Je n’ai pas rêvé : c’est bien une île de vingt mètres carrés, avec ses cocotiers qui flotte au gré des courants. Elle empote probablement différentes variétés d’animaux sur un autre continent. Peut-être contribuera t’elle à créer quelque part un nouveau monde. L’îlot va dériver à portée de palmes, toute la journée, pour disparaître au crépuscule, emportant son secret.

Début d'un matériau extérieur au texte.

lemma initiates_neg_comp_iff: "initiates (uminus \<circ> g) h \<longleftrightarrow> initiates g (uminus \<circ> h)"
  using initiates_neg_comp[of g "uminus \<circ> h"] initiates_neg_comp[of "uminus \<circ> g" h]
  by (auto simp: comp_def)

lemma systemic_neg_comp_iff: "systemic (uminus \<circ> g) \<longleftrightarrow> systemic g"
proof -
  have "systemic (uminus \<circ> f)" if "systemic f" for f
    using that neg_comp_image_vertical unfolding systemic_def by metis
  from this[of g] this[of "uminus \<circ> g"] show ?thesis by (auto simp: comp_def)
qed

lemma positive_neg_comp_iff: "positive (uminus \<circ> g) \<longleftrightarrow> negative g"
  unfolding positive_def negative_def qz_less_iff_less systemic_neg_comp_iff
  by (simp add: qz_neg_less_neg_iff)

lemma rotation_type_neg_comp_iff:
  "rotation_type (uminus \<circ> h) \<longleftrightarrow> reflection_type (h :: rat \<Rightarrow> rat)"
proof -
  have "bij (uminus \<circ> h) \<longleftrightarrow> bij h"
    using bij_comp[OF _ bij_uminus, of h] bij_comp[OF _ bij_uminus, of "uminus \<circ> h"]
    by (auto simp: comp_def)
  moreover have "strict_mono_on J (uminus \<circ> h) \<longleftrightarrow> strict_antimono_on J h" for J
    unfolding monotone_on_def by simp
  ultimately show ?thesis
    unfolding rotation_type_def reflection_type_def by simp
qed

lemma cyclic_reversing_iff_negative_reflection:
  fixes g :: "qz \<Rightarrow> qz"
  assumes "bij g"
  shows "cyclic_reversing g \<longleftrightarrow> negative g \<and> (\<exists>h. initiates g h \<and> reflection_type h)"
proof -
  have "bij (uminus \<circ> g)" using assms bij_uminus by (rule bij_comp)
  have "cyclic_reversing g \<longleftrightarrow> cyclic_preserving (uminus \<circ> g)"
    using cyclic_preserving_neg_comp_iff[OF bij_is_inj[OF assms]] by simp
  also have "\<dots> \<longleftrightarrow> negative g \<and> (\<exists>h. initiates g (uminus \<circ> h) \<and> rotation_type h)"
    using cyclic_preserving_iff_positive_rotation[OF \<open>bij (uminus \<circ> g)\<close>]
    by (simp add: positive_neg_comp_iff initiates_neg_comp_iff)
  also have "\<dots> \<longleftrightarrow> negative g \<and> (\<exists>h. initiates g h \<and> reflection_type h)"
  proof -
    have neg_neg: "uminus \<circ> (uminus \<circ> h) = h" for h :: "rat \<Rightarrow> rat"
      by (simp add: comp_def)
    show ?thesis by (metis neg_neg rotation_type_neg_comp_iff)
  qed
  finally show ?thesis .
qed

La série des mystères de Sipadan n’est pas close. Agill, le chef plongeur malais, me convie à découvrir une grotte passionnante. Elle a, en son temps, frappé de saisissement l’équipe Cousteau. Au fil de l’immersion nous survolons des squelettes de tortues. Carapaces, crânes et ossements succèdent dans une ambiance d’autant plus singulière que l’architecture du fond est saisissante. L’eau est très claire. Après avoir emprunté un tunnel assez large, d’environ 90 m de long, nous arrivons dans une poche par 24 m de profondeur. A notre droite gît un squelette de dauphin. Le faisceau de ma lampe balaye les stalactites et les concrétions des parois. Quelques poissons occupent les lieux, malgré l’obscurité totale. Sur le chemin du retour, avant de revoir le bleu de l’océan, c’est le squelette d’un marlin aisément reconnaissable à son rostre que nous découvrons. Sans doute s’agit-il d’animaux égarés dans ce lieu magique où ils reposent maintenant pour l’éternité. A la sortie du tunnel, je retrouve mon bon gros barracuda à l’œil vaguement soupçonneux. Est-il le gardien de ces sépultures ?

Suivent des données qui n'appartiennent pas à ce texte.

(* Let $r>0$ and let $\mu_{1},\mu_{2}$ be symmetric probability measures on $\mathbb{R}^{d}$ supported on $\{x\in\mathbb{R}^{d}:\|x\|_{2}\leq r\}$. Let $\eta:\mathbb{R}^{d}\to\mathbb{R}^{d\times d}$, $\eta(x)=xx^{T}$, and let $\eta_{\#}\mu_{1},\eta_{\#}\mu_{2}$ be the pushforward measures, regarded as probability measures on the Banach space $E=(\mathbb{R}^{d\times d},\|\cdot\|_{\mathrm{op}})$. Then \[W_{2,1}(\mu_{1},\mu_{2})^{2}\leq W_{1,1}(\eta_{\#}\mu_{1},\eta_{\#}\mu_{2}).\]
   Context: A probability measure $\mu$ on $\mathbb{R}^{d}$ is symmetric if $\mu(A)=\mu(-A)$ for all measurable $A$. $\|\cdot\|_{\mathrm{op}}$ is the operator norm. For probability measures on $\mathbb{R}$, $W_{p}(\nu_{1},\nu_{2})=\inf_{\gamma}(\int|x-y|^{p}d\gamma(x,y))^{1/p}$ over couplings. On $\mathbb{R}^{d}$ (Euclidean), $W_{2,1}(\mu_{1},\mu_{2})=\sup_{\|v\|_{2}=1}W_{2}(v_{\#}\mu_{1},v_{\#}\mu_{2})$ with $v_{\#}\mu_i$ the pushforward under $x\mapsto\langle x,v\rangle$. On a Banach space $E$, $W_{1,1}(\nu_{1},\nu_{2})=\sup_{V^{*}\in B_{E^{*}}}W_{1}(V^{*}_{\#}\nu_{1},V^{*}_{\#}\nu_{2})$, where $B_{E^{*}}$ is the unit ball of the dual; for $E=(\mathbb{R}^{d\times d},\|\cdot\|_{\mathrm{op}})$ these are the functionals $A\mapsto\mathrm{Tr}(BA)$ with $B$ of trace-class (nuclear) norm at most $1$. *)

theory Defs
  imports "HOL-Probability.Probability"
begin

definition couplings :: "real measure \<Rightarrow> real measure \<Rightarrow> (real \<times> real) measure set" where
  "couplings M N = {\<gamma>. prob_space \<gamma> \<and> sets \<gamma> = sets (borel :: (real \<times> real) measure) \<and>
                        distr \<gamma> borel fst = M \<and> distr \<gamma> borel snd = N}"

definition wasserstein :: "real \<Rightarrow> real measure \<Rightarrow> real measure \<Rightarrow> real" where
  "wasserstein p M N =
     (enn2real (INF \<gamma>\<in>couplings M N. \<integral>\<^sup>+ z. ennreal (\<bar>fst z - snd z\<bar> powr p) \<partial>\<gamma>)) powr (1 / p)"

definition W21 :: "(real^'n) measure \<Rightarrow> (real^'n) measure \<Rightarrow> real" where
  "W21 \<mu>1 \<mu>2 = (SUP v\<in>{v :: real^'n. norm v = 1}.
      wasserstein 2 (distr \<mu>1 borel (\<lambda>x. x \<bullet> v)) (distr \<mu>2 borel (\<lambda>x. x \<bullet> v)))"

definition op_norm :: "real^'n^'n \<Rightarrow> real" where
  "op_norm A = onorm (\<lambda>x. A *v x)"

definition dual_unit_ball_op :: "(real^'n^'n \<Rightarrow> real) set" where
  "dual_unit_ball_op = {f. linear f \<and> (\<forall>A. \<bar>f A\<bar> \<le> op_norm A)}"

definition W11_op :: "(real^'n^'n) measure \<Rightarrow> (real^'n^'n) measure \<Rightarrow> real" where
  "W11_op \<nu>1 \<nu>2 = (SUP f\<in>dual_unit_ball_op.
      wasserstein 1 (distr \<nu>1 borel f) (distr \<nu>2 borel f))"

definition outer_self :: "real^'n \<Rightarrow> real^'n^'n" where
  "outer_self x = (\<chi> i j. x $ i * x $ j)"

definition symmetric_measure :: "'a::real_normed_vector measure \<Rightarrow> bool" where
  "symmetric_measure \<mu> \<longleftrightarrow> (\<forall>A\<in>sets \<mu>. emeasure \<mu> A = emeasure \<mu> (uminus ` A))"

end

theory Submission
  imports Defs
begin

(* For a unit vector v, the functional A \<mapsto> v\<^sup>T A v lies in the dual unit ball of
   (R^(d x d), operator norm) and sends x x\<^sup>T to (x \<bullet> v)\<^sup>2. It therefore suffices to show
   W_2(\<nu>1, \<nu>2)\<^sup>2 \<le> W_1(q\<^sub>#\<nu>1, q\<^sub>#\<nu>2) for symmetric laws \<nu>i on the real line and q y = y\<^sup>2.
   Given a coupling of the squared laws, attach an independent fair sign s and map (a, a') to
   (s sqrt|a|, s sqrt|a'|): by symmetry this is a coupling of \<nu>1 and \<nu>2, and its quadratic
   cost is at most the linear cost of the original one since (sqrt|a| - sqrt|b|)\<^sup>2 \<le> |a - b|.
   The bounded supports keep every transport cost finite, which matters because wasserstein
   takes enn2real of the infimum. *)

lemma uminus_image_eq_vimage: "uminus ` (A :: 'a::group_add set) = uminus -` A"
  by (force simp: image_iff)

A Hamping Garden, je surplombe une véritable forêt de coraux mous multicolores accrochés à un tombant qui plonge à la verticale. Au-delà de 50 mètres de profondeur, c’est le domaine des thons et des requins gris.

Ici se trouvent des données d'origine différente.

(* Let $d$ and $\alpha$ be positive integers. There is a constant $C$ depending only on $d$ and $\alpha$ such that: if $P(x)$ is a monic polynomial of degree $d$ with real coefficients and $x_0<x_1<\cdots<x_d$ are integers with $|P(x_i)|\leqslant\alpha$ for every $i\in\{0,\dots,d\}$, then $|x_d-x_0|\leqslant C$. *)

theory Defs
  imports "HOL-Computational_Algebra.Polynomial"
begin

end

theory Submission
  imports Defs
begin

(* Lagrange interpolation at the d + 1 points x i writes the leading coefficient 1 of P as
   \<Sum>i. P(x i) / \<Prod>j\<noteq>i. (x i - x j). Each denominator is a product of nonzero integers, one of
   which is the distance from x i to the farther of x 0 and x d, at least (x d - x 0) / 2.
   Hence every summand is at most 2 \<alpha> / (x d - x 0), and so x d - x 0 \<le> 2 \<alpha> (d + 1). *)

lemma lagrange_top_coeff:
  fixes S :: "'a::field set" and P :: "'a poly"
  assumes fin: "finite S" and deg: "degree P < card S"
  shows "coeff P (card S - 1) = (\<Sum>a\<in>S. poly P a / (\<Prod>b\<in>S-{a}. a - b))"
proof -
  define c where "c a = poly P a / (\<Prod>b\<in>S-{a}. a - b)" for a
  define q where "q a = (\<Prod>b\<in>S-{a}. [:-b, 1:])" for a
  define L where "L = (\<Sum>a\<in>S. smult (c a) (q a))"
  have degree_q: "degree (q a) = card S - 1" if "a \<in> S" for a
    unfolding q_def using fin that by (subst degree_prod_eq_sum_degree) auto
  have lead_coeff_q: "lead_coeff (q a) = 1" for a
    unfolding q_def lead_coeff_prod by simp
  have poly_q: "poly (q a) x = (\<Prod>b\<in>S-{a}. x - b)" for a x
    unfolding q_def by (simp add: poly_prod)
  have "degree L \<le> card S - 1"
    unfolding L_def
    by (rule degree_sum_le) (use fin degree_q in \<open>auto intro: order.trans[OF degree_smult_le]\<close>)
  moreover have "poly L x = poly P x" if x: "x \<in> S" for x
  proof -
    have vanish: "poly (q a) x = 0" if "a \<in> S - {x}" for a
      unfolding poly_q using fin that x by (intro prod_zero) auto
    have "poly L x = (\<Sum>a\<in>S. c a * poly (q a) x)"
      unfolding L_def by (simp add: poly_sum)
    also have "\<dots> = c x * poly (q x) x"
      using fin x vanish by (subst sum.remove) auto
    also have "\<dots> = poly P x"
      unfolding c_def poly_q using fin by (simp add: prod_zero_iff)
    finally show ?thesis .
  qed
  ultimately have "P = L"
    using deg by (intro poly_eqI_degree[of S]) auto
  hence "coeff P (card S - 1) = (\<Sum>a\<in>S. c a * coeff (q a) (card S - 1))"
    by (simp add: L_def coeff_sum)
  also have "\<dots> = (\<Sum>a\<in>S. c a)"
    by (intro sum.cong refl) (metis degree_q lead_coeff_q mult.right_neutral)
  finally show ?thesis unfolding c_def .
qed

lemma abs_diff_le_abs_prod_diffs_Ints:
  fixes S :: "'a::linordered_idom set"
  assumes "finite S" "S \<subseteq> \<int>" "a \<in> S" "b \<in> S" "b \<noteq> a"
  shows "\<bar>a - b\<bar> \<le> \<bar>\<Prod>c\<in>S-{a}. a - c\<bar>"
proof -
  have "\<bar>a - b\<bar> * 1 \<le> \<bar>a - b\<bar> * (\<Prod>c\<in>S-{a}-{b}. \<bar>a - c\<bar>)"
  proof (intro mult_left_mono prod_ge_1)
    fix c assume c: "c \<in> S - {a} - {b}"
    then have "a - c \<in> \<int>" "a - c \<noteq> 0"
      using assms by (auto intro: Ints_diff)
    then show "1 \<le> \<bar>a - c\<bar>" by (rule Ints_nonzero_abs_ge1)
  qed auto
  also have "\<dots> = (\<Prod>c\<in>S-{a}. \<bar>a - c\<bar>)"
    using assms by (intro prod.remove[symmetric]) auto
  finally show ?thesis by (simp add: abs_prod)
qed

lemma monic_bounded_on_Ints_spread_le:
  fixes S :: "'a::linordered_field set" and P :: "'a poly"
  assumes fin: "finite S" and ints: "S \<subseteq> \<int>"
    and deg: "degree P + 1 = card S" and monic: "lead_coeff P = 1"
    and bounded: "\<forall>a\<in>S. \<bar>poly P a\<bar> \<le> \<alpha>"
    and lo: "lo \<in> S" and hi: "hi \<in> S"
  shows "\<bar>hi - lo\<bar> \<le> 2 * \<alpha> * of_nat (card S)"
proof (cases "lo = hi")
  case True
  then show ?thesis using bounded lo by (auto intro: order.trans[OF abs_ge_zero])
next
  case False
  define L where "L = \<bar>hi - lo\<bar>"
  have L_pos: "L > 0" unfolding L_def using False by simp
  have summand_le: "\<bar>poly P a / (\<Prod>b\<in>S-{a}. a - b)\<bar> \<le> \<alpha> / (L / 2)" if a: "a \<in> S" for a
  proof -
    have "L \<le> \<bar>a - lo\<bar> + \<bar>a - hi\<bar>"
      using abs_triangle_ineq4[of "a - lo" "a - hi"] by (simp add: L_def)
    then have "L / 2 \<le> \<bar>a - lo\<bar> \<or> L / 2 \<le> \<bar>a - hi\<bar>"
      by linarith
    then obtain b where b: "b \<in> S" "L / 2 \<le> \<bar>a - b\<bar>"
      using lo hi by blast
    with L_pos have "b \<noteq> a" by auto
    with b have "L / 2 \<le> \<bar>\<Prod>c\<in>S-{a}. a - c\<bar>"
      using abs_diff_le_abs_prod_diffs_Ints[OF fin ints a] by (meson order.trans)
    moreover have "\<bar>poly P a\<bar> \<le> \<alpha>" "0 \<le> \<alpha>"
      using bounded a by (auto intro: order.trans[OF abs_ge_zero])
    ultimately have "\<bar>poly P a\<bar> / \<bar>\<Prod>c\<in>S-{a}. a - c\<bar> \<le> \<alpha> / (L / 2)"
      using L_pos by (intro frac_le) auto
    then show ?thesis
      by (simp add: abs_div)
  qed
  have "1 = coeff P (card S - 1)"
    using monic by (simp flip: deg)
  also have "\<dots> = (\<Sum>a\<in>S. poly P a / (\<Prod>b\<in>S-{a}. a - b))"
    using deg by (intro lagrange_top_coeff[OF fin]) simp
  also have "\<dots> \<le> (\<Sum>a\<in>S. \<alpha> / (L / 2))"
    by (intro sum_mono order.trans[OF abs_ge_self summand_le])
  also have "\<dots> = 2 * \<alpha> * of_nat (card S) / L"
    by simp
  finally show ?thesis
    using L_pos by (simp add: L_def field_simps)
qed

lemma strict_mono_on_atMost_if_Suc:
  fixes x :: "nat \<Rightarrow> 'a::order"
  assumes "\<forall>i<d. x i < x (Suc i)"
  shows "strict_mono_on {..d} x"
proof (rule strict_mono_onI)
  fix i j :: nat assume "i < j" "j \<in> {..d}"
  then show "x i < x j"
    by (induction i j rule: less_Suc_induct) (use assms in \<open>auto dest: order.strict_trans\<close>)
qed

theorem mainTheorem7:
  fixes d :: nat and \<alpha> :: nat
  assumes "d > 0" and "\<alpha> > 0"
  shows "\<exists>C::real. \<forall>(P::real poly) (x::nat \<Rightarrow> int).
           degree P = d \<longrightarrow> lead_coeff P = 1 \<longrightarrow>
           (\<forall>i<d. x i < x (Suc i)) \<longrightarrow>
           (\<forall>i\<le>d. \<bar>poly P (real_of_int (x i))\<bar> \<le> real \<alpha>) \<longrightarrow>
           \<bar>real_of_int (x d - x 0)\<bar> \<le> C"
proof (intro exI[of _ "2 * real \<alpha> * (real d + 1)"] allI impI)
  fix P :: "real poly" and x :: "nat \<Rightarrow> int"
  assume deg: "degree P = d" and monic: "lead_coeff P = 1"
    and increasing: "\<forall>i<d. x i < x (Suc i)"
    and bounded: "\<forall>i\<le>d. \<bar>poly P (real_of_int (x i))\<bar> \<le> real \<alpha>"
  define S where "S = real_of_int ` x ` {..d}"
  have "strict_mono_on {..d} (\<lambda>i. real_of_int (x i))"
    using strict_mono_on_atMost_if_Suc[OF increasing] by (simp add: strict_mono_on_def)
  then have card_S: "card S = d + 1"
    unfolding S_def image_image by (simp add: card_image strict_mono_on_imp_inj_on)
  have "\<bar>real_of_int (x d) - real_of_int (x 0)\<bar> \<le> 2 * real \<alpha> * of_nat (card S)"
  proof (rule monic_bounded_on_Ints_spread_le[OF _ _ _ monic])
    show "finite S" "S \<subseteq> \<int>" "degree P + 1 = card S"
      using card_S deg by (auto simp: S_def)
    show "\<forall>a\<in>S. \<bar>poly P a\<bar> \<le> real \<alpha>" "real_of_int (x 0) \<in> S" "real_of_int (x d) \<in> S"
      using bounded by (auto simp: S_def)
  qed
  then show "\<bar>real_of_int (x d - x 0)\<bar> \<le> 2 * real \<alpha> * (real d + 1)"
    by (simp add: card_S add.commute)
qed

end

A Staghorn Crest, j’évolue pendant 20 minutes au milieu de nuages de carangues qui dessinent autant de volutes. Certains poissons ont la gueule grande ouverte, pour gober leurs prises. Au cours des vingt minutes suivantes, j’ai la sensation qu’une masse sombre avance sur moi au point de me cacher le soleil. Petit à petit, je discerne un, puis deux, puis mille barracudas d’un mètre de long. Les plus proches se tiennent à cinquante centimètres de mon masque. J’économise mes bulles pour ne pas les disperser, tandis qu’Andy disparaît complètement derrière ce mur épais. Je ressens la puissance implacable de la masse, et sa splendeur.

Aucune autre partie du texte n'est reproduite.